**Task prompt**
The stretch wanted below opens at the line containing "v \<le> load" and closes at the line containing "V\<close> by blast". Please return it exactly, with no other lines.

Collected data:
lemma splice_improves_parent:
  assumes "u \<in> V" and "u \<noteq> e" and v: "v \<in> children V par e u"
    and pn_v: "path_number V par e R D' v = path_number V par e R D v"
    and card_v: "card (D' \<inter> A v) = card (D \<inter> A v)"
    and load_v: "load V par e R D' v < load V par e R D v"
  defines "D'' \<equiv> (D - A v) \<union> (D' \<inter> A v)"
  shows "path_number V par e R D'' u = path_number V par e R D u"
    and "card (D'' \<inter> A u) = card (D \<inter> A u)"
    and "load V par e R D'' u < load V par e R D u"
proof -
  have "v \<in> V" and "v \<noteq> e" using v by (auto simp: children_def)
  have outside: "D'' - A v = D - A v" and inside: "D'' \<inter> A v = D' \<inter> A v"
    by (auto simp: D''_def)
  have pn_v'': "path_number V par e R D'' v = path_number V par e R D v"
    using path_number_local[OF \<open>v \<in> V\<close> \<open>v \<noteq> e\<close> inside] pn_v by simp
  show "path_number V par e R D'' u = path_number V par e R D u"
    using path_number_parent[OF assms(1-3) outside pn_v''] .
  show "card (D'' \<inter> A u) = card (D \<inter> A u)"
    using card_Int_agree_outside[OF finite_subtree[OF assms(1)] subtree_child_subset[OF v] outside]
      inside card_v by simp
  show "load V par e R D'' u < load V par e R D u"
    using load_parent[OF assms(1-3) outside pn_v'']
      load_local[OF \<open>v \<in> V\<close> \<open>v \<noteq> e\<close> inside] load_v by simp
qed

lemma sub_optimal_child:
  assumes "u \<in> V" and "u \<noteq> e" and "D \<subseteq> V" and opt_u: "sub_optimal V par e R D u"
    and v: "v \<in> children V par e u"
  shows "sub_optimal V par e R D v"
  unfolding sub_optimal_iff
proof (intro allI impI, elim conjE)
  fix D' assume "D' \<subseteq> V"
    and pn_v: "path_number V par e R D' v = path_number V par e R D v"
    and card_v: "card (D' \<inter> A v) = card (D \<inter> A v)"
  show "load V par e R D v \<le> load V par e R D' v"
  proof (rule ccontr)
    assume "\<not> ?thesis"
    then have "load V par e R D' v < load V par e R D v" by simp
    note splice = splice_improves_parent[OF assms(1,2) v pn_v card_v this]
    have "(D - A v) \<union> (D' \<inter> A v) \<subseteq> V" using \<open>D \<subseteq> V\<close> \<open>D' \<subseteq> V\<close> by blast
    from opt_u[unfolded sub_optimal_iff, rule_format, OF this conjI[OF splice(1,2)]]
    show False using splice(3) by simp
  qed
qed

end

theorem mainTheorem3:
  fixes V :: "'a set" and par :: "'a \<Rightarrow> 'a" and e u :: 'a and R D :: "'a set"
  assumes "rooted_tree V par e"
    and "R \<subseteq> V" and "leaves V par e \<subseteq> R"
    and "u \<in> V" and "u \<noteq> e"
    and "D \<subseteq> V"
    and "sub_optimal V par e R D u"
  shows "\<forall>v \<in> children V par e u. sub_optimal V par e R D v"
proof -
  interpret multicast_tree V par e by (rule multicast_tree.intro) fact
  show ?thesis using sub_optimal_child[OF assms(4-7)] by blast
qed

**Response area**
  show "load V par e R D v \<le> load V par e R D' v"
  proof (rule ccontr)
    assume "\<not> ?thesis"
    then have "load V par e R D' v < load V par e R D v" by simp
    note splice = splice_improves_parent[OF assms(1,2) v pn_v card_v this]
    have "(D - A v) \<union> (D' \<inter> A v) \<subseteq> V" using \<open>D \<subseteq> V\<close> \<open>D' \<subseteq> V\<close> by blast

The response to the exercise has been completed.